Activity
What lines below hold the string "assumes"? Copy them all.

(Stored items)
- Opening Delimiter -
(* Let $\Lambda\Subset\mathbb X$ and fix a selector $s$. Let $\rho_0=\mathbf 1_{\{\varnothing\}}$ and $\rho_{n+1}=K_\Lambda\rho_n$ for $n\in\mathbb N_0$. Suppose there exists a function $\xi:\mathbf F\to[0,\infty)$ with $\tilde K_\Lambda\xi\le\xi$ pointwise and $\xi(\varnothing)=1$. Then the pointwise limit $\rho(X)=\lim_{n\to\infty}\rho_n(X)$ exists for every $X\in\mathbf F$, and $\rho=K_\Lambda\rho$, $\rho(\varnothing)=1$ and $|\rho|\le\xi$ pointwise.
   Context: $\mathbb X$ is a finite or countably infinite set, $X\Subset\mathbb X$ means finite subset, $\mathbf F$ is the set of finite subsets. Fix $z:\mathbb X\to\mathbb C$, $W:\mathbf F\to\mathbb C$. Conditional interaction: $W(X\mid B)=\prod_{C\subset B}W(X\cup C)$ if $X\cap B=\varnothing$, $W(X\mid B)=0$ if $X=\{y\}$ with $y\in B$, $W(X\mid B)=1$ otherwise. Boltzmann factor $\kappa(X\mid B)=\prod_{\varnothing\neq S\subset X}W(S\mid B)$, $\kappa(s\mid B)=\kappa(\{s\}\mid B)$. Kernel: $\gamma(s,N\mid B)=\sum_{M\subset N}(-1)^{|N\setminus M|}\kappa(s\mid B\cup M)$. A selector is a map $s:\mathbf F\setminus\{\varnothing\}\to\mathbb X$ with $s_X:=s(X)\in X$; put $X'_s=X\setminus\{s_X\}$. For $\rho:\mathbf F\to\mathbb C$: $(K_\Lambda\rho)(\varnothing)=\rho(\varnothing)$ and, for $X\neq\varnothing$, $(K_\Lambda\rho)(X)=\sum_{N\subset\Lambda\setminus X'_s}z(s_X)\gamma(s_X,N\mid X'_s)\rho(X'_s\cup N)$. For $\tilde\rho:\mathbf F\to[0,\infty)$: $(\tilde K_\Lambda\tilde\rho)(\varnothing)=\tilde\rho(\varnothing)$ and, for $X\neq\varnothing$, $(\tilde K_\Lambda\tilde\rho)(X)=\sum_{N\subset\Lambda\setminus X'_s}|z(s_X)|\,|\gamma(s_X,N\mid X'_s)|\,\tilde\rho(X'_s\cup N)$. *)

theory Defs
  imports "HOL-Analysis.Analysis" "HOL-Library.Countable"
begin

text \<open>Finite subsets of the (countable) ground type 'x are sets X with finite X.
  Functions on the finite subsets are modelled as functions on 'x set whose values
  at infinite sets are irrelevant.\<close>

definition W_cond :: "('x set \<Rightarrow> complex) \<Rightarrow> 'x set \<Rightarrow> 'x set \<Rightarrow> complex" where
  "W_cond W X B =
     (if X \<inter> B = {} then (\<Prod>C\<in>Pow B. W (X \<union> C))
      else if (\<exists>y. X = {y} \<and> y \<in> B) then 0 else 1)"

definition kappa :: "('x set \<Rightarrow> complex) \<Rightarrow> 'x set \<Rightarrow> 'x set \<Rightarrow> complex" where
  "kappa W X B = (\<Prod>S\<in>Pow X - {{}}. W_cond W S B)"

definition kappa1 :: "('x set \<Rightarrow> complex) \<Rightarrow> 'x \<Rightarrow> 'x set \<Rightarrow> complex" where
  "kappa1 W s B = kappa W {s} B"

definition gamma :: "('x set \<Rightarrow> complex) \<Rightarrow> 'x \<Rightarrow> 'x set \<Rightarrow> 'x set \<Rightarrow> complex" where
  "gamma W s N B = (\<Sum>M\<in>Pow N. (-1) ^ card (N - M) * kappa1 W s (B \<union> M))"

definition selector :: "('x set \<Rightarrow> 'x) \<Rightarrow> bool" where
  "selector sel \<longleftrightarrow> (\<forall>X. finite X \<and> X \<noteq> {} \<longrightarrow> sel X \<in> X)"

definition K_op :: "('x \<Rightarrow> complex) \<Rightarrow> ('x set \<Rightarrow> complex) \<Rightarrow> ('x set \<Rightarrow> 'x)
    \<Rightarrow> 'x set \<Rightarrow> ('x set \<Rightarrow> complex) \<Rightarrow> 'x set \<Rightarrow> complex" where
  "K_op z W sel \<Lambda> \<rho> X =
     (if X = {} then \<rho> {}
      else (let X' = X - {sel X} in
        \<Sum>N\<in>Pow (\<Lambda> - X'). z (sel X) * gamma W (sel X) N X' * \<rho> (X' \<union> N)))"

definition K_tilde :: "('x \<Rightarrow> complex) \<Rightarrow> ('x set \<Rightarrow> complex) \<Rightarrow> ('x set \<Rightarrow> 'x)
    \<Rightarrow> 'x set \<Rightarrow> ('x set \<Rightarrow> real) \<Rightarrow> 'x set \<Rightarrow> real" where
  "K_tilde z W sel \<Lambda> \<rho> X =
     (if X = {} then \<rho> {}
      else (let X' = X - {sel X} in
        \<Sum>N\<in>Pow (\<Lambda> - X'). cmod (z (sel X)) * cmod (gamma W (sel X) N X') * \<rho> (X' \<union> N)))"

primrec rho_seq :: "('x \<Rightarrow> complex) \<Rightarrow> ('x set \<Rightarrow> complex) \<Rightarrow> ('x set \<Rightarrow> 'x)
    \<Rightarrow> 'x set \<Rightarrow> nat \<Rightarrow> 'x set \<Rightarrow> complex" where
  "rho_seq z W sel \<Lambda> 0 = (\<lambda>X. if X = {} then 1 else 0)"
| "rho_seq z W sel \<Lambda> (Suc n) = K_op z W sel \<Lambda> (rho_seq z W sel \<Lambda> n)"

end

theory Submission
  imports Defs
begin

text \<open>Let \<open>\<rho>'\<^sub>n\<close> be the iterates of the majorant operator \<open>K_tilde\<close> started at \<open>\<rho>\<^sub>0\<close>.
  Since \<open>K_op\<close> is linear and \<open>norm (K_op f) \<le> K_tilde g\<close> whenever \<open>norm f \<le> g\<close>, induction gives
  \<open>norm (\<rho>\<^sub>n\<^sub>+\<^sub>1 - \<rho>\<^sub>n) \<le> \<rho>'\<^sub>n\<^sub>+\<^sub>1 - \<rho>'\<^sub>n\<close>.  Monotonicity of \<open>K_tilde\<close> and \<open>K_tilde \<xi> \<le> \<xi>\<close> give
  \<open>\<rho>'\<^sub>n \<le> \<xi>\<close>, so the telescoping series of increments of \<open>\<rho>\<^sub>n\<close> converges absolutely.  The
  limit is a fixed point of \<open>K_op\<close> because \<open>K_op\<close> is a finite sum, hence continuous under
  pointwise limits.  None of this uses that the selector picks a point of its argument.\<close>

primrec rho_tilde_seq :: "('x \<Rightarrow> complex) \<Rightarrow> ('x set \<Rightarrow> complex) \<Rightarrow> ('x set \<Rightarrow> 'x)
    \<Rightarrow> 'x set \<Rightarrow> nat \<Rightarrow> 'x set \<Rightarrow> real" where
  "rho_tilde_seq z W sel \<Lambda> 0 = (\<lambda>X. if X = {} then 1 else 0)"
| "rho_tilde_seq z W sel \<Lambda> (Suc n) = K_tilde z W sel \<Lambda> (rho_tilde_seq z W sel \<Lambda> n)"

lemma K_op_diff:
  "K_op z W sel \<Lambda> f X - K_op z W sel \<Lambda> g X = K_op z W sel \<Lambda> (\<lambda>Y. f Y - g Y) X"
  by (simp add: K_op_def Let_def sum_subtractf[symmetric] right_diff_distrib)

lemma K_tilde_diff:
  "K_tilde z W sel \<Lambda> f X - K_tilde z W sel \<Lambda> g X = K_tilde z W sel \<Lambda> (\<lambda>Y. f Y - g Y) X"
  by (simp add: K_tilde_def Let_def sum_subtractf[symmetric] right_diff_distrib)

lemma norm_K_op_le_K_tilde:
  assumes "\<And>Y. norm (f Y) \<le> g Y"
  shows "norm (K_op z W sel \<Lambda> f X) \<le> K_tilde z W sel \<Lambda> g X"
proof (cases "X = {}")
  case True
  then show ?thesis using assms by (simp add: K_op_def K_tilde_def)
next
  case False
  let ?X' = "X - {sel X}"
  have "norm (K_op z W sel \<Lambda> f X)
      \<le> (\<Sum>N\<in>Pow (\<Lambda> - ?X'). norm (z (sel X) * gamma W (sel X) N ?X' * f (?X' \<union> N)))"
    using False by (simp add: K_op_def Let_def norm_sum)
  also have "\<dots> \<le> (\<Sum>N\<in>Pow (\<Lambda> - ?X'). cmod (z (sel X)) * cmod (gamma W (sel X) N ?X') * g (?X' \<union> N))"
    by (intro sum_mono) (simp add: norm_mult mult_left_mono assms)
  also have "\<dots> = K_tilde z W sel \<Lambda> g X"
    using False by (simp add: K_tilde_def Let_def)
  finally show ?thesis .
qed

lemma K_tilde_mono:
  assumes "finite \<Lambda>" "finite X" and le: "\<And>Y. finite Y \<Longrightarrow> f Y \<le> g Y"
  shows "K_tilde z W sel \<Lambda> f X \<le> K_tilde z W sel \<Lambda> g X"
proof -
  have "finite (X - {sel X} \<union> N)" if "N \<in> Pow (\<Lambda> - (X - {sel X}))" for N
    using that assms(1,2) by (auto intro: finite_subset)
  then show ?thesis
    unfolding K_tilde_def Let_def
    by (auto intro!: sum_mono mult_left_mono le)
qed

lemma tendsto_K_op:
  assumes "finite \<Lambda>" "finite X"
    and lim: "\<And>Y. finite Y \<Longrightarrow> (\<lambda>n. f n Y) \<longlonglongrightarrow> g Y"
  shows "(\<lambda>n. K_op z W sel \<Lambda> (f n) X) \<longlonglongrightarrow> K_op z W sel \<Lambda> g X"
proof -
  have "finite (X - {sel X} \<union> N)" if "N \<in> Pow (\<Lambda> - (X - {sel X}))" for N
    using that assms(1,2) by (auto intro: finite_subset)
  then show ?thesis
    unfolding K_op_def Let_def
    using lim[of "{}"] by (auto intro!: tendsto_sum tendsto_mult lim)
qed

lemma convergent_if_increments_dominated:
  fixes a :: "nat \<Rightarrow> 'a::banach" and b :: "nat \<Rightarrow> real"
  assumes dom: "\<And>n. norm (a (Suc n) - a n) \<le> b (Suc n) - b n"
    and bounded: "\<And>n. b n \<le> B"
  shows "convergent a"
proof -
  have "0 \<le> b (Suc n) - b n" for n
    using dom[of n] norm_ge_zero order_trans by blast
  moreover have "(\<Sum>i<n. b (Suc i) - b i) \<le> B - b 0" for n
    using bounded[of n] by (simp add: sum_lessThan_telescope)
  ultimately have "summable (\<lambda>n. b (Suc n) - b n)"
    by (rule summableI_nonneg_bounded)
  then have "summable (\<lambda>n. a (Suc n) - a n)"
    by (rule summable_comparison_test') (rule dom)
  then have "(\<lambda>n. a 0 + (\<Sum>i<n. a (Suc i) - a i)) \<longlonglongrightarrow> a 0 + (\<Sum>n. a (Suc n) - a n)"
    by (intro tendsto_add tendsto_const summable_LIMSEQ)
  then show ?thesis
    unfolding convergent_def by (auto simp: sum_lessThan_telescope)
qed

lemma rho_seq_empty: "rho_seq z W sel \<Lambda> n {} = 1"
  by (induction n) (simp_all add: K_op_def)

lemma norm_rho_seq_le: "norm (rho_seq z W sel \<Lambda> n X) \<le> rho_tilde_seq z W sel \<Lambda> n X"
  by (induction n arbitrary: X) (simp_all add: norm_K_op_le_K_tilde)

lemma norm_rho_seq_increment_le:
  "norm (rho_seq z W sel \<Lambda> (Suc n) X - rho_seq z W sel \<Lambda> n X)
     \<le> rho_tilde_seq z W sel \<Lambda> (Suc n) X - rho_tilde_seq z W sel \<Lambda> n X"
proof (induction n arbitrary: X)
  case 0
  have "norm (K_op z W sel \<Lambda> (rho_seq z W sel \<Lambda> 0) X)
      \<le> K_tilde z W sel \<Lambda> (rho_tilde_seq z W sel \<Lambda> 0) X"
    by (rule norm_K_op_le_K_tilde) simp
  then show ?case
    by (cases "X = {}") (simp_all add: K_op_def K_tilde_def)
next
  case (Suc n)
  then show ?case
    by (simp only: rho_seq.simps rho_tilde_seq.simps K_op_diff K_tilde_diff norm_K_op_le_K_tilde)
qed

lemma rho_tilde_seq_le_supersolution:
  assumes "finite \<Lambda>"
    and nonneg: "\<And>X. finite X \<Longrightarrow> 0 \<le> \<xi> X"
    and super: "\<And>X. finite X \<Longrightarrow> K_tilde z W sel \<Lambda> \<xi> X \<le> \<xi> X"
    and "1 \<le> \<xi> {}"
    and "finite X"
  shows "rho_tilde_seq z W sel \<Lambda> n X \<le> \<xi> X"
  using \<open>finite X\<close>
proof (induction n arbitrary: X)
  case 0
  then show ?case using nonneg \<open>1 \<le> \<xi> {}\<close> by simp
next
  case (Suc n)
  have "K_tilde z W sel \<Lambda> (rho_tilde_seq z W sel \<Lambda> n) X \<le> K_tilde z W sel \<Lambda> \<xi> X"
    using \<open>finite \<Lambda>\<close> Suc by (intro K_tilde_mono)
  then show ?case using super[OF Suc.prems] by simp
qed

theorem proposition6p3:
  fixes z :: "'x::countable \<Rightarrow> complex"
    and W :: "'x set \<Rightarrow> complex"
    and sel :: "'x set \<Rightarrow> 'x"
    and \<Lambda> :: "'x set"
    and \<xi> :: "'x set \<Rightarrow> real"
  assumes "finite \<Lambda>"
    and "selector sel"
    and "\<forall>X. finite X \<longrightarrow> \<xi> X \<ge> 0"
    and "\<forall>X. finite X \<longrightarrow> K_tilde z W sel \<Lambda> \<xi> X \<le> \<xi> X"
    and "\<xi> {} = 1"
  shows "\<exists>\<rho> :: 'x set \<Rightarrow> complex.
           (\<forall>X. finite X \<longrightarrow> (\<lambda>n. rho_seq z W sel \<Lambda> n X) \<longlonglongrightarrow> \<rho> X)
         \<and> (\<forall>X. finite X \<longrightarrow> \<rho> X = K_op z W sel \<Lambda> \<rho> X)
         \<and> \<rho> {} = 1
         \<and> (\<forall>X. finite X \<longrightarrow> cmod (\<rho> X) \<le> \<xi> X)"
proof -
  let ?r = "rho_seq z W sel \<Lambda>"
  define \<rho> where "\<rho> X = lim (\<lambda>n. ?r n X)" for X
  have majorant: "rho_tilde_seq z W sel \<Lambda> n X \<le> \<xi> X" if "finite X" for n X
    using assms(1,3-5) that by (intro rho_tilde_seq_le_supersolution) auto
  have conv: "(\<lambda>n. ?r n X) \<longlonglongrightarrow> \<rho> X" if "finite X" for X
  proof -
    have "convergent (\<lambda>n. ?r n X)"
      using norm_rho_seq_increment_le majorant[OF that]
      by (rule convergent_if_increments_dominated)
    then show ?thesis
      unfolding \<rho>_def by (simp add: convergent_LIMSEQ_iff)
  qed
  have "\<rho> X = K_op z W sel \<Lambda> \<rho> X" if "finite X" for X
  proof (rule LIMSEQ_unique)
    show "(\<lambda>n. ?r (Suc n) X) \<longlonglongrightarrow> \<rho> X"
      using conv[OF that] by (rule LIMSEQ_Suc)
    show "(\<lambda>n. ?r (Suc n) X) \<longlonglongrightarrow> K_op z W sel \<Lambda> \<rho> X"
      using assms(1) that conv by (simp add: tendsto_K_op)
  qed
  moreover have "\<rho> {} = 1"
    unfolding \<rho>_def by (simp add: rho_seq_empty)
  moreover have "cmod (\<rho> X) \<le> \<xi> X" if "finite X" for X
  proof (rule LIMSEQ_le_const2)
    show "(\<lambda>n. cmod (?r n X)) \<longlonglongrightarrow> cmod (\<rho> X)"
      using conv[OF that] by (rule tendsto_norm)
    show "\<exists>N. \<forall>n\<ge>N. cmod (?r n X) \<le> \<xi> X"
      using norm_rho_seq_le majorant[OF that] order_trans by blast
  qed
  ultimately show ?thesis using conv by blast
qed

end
- Closing Delimiter -
- Opening Delimiter -
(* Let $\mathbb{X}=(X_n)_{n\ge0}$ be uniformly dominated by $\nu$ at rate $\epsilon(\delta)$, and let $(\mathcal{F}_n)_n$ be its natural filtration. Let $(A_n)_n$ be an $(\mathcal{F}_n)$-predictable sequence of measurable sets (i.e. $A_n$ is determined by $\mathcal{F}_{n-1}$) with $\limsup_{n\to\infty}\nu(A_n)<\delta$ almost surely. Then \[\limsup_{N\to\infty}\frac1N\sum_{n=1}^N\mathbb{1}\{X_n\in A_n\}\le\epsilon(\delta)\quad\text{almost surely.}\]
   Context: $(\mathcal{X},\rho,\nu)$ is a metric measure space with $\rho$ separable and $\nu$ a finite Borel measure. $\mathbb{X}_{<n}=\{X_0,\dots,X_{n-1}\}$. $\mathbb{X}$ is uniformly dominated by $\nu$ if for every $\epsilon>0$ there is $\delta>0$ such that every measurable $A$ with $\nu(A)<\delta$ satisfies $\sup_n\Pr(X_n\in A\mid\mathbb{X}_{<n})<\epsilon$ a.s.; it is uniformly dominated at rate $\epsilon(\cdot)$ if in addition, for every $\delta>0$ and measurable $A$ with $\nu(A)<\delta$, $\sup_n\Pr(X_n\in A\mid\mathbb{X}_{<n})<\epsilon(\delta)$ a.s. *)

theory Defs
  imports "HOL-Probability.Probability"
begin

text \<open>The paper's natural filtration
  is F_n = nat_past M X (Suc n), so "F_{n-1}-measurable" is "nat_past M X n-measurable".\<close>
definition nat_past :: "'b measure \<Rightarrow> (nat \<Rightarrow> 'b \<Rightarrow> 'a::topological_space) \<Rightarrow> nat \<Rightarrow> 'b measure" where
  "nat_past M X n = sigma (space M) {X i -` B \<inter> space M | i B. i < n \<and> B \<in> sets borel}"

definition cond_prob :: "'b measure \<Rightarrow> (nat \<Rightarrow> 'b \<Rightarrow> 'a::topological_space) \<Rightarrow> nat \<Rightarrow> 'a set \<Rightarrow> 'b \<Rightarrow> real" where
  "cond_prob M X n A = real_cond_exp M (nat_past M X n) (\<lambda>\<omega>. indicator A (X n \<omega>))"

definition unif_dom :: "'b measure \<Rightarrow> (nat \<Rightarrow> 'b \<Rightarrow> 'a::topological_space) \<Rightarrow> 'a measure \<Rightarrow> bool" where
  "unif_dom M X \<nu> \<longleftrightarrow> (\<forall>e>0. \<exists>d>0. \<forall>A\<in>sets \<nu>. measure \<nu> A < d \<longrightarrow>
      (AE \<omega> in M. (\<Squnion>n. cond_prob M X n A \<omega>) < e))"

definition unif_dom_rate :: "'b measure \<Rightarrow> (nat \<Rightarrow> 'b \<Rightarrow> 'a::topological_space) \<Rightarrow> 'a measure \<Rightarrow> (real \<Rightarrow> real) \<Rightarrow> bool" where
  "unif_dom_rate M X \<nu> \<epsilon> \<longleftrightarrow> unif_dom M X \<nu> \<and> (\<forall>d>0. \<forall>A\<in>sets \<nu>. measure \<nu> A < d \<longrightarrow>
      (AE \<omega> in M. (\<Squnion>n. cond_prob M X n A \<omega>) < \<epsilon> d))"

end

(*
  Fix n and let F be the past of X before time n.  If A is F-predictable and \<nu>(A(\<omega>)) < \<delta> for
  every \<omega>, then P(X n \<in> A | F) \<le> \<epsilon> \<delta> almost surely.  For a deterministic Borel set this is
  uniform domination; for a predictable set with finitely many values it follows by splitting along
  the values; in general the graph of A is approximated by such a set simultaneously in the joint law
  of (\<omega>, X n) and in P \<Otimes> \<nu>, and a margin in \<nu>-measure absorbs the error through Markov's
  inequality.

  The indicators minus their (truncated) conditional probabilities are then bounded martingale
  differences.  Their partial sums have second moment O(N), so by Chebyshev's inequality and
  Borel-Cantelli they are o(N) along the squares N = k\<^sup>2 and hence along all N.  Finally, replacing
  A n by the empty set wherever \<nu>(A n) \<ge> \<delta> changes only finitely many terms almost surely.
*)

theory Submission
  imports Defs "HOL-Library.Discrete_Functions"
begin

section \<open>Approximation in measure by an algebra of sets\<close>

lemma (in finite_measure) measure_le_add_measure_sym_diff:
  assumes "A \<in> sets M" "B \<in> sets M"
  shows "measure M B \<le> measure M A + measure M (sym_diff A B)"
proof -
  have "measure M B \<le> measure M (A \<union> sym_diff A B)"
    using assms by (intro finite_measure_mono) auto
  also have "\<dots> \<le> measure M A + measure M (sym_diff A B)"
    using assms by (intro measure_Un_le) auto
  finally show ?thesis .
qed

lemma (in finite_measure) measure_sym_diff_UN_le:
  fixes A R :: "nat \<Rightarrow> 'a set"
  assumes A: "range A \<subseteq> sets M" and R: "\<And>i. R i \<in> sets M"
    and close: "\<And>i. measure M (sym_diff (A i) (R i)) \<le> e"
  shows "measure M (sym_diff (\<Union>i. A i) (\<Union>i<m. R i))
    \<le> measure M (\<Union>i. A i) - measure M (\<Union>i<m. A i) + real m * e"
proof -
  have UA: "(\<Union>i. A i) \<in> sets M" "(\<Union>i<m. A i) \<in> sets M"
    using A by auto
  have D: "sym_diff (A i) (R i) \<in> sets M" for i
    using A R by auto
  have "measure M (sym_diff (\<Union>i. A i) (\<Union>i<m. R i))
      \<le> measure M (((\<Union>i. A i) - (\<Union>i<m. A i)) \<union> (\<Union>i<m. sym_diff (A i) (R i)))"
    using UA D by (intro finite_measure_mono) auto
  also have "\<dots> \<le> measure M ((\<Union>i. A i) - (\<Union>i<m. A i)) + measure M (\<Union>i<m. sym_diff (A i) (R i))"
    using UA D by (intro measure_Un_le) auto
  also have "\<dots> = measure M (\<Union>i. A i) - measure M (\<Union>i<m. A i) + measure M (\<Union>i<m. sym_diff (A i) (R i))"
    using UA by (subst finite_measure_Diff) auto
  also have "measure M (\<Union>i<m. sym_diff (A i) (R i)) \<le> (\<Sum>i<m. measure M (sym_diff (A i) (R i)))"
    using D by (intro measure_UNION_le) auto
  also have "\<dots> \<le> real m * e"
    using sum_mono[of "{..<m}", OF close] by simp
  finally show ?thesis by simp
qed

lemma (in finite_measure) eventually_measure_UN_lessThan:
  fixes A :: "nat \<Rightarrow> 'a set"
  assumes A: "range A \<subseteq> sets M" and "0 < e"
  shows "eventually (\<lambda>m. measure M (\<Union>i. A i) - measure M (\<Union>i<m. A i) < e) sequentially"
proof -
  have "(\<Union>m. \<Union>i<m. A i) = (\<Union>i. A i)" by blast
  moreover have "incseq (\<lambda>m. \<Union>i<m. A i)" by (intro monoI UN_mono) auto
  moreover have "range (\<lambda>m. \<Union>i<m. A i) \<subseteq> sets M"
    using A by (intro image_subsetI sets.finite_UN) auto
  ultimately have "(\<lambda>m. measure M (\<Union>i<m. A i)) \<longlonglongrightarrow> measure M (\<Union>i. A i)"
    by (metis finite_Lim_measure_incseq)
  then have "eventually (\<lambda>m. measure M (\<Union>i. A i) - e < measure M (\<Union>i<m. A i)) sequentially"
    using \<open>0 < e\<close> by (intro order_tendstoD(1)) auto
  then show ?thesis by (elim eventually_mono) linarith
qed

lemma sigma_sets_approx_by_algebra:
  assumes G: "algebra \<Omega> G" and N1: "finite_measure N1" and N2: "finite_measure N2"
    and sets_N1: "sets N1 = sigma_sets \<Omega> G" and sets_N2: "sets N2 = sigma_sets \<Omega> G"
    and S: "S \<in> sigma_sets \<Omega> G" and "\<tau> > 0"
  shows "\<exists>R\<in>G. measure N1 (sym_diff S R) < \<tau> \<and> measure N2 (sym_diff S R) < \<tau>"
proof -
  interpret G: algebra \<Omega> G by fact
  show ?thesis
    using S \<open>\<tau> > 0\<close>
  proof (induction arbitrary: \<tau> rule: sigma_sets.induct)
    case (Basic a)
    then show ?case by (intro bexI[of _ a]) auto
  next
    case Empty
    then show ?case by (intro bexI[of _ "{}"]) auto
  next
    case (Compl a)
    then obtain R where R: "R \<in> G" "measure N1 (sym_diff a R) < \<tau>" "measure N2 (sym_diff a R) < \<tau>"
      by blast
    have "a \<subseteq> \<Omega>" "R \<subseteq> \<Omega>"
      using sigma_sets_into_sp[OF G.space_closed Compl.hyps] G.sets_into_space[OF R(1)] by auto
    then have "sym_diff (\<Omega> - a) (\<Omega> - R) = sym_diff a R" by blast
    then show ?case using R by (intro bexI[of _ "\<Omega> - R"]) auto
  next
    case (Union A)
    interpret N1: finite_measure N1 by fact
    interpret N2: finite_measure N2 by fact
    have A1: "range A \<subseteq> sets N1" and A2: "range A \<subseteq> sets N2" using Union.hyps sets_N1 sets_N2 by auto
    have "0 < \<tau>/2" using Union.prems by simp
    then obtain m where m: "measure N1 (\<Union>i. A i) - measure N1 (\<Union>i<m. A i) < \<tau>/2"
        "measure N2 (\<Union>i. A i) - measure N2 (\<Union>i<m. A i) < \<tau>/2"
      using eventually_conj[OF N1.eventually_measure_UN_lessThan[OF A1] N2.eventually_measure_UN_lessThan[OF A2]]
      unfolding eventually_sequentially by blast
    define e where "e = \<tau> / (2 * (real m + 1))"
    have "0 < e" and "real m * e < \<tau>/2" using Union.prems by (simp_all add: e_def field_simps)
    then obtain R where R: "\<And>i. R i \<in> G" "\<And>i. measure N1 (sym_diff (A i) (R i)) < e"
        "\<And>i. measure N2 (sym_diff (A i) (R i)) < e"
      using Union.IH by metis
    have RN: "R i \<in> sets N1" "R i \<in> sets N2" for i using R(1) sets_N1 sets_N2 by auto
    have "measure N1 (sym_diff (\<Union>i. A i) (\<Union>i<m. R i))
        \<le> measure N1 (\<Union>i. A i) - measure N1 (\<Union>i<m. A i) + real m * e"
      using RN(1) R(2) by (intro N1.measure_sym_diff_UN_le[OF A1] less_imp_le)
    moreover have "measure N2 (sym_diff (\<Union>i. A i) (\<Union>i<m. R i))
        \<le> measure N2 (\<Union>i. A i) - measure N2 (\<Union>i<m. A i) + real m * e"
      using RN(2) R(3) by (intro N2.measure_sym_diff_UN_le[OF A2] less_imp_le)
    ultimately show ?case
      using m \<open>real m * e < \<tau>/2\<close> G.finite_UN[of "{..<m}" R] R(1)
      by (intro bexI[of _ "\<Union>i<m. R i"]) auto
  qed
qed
- Closing Delimiter -
Response to this task
  assumes "\<And>Y. norm (f Y) \<le> g Y"
  assumes "finite \<Lambda>" "finite X" and le: "\<And>Y. finite Y \<Longrightarrow> f Y \<le> g Y"
  assumes "finite \<Lambda>" "finite X"
  assumes dom: "\<And>n. norm (a (Suc n) - a n) \<le> b (Suc n) - b n"
  assumes "finite \<Lambda>"
  assumes "finite \<Lambda>"
  assumes "A \<in> sets M" "B \<in> sets M"
  assumes A: "range A \<subseteq> sets M" and R: "\<And>i. R i \<in> sets M"
  assumes A: "range A \<subseteq> sets M" and "0 < e"
  assumes G: "algebra \<Omega> G" and N1: "finite_measure N1" and N2: "finite_measure N2"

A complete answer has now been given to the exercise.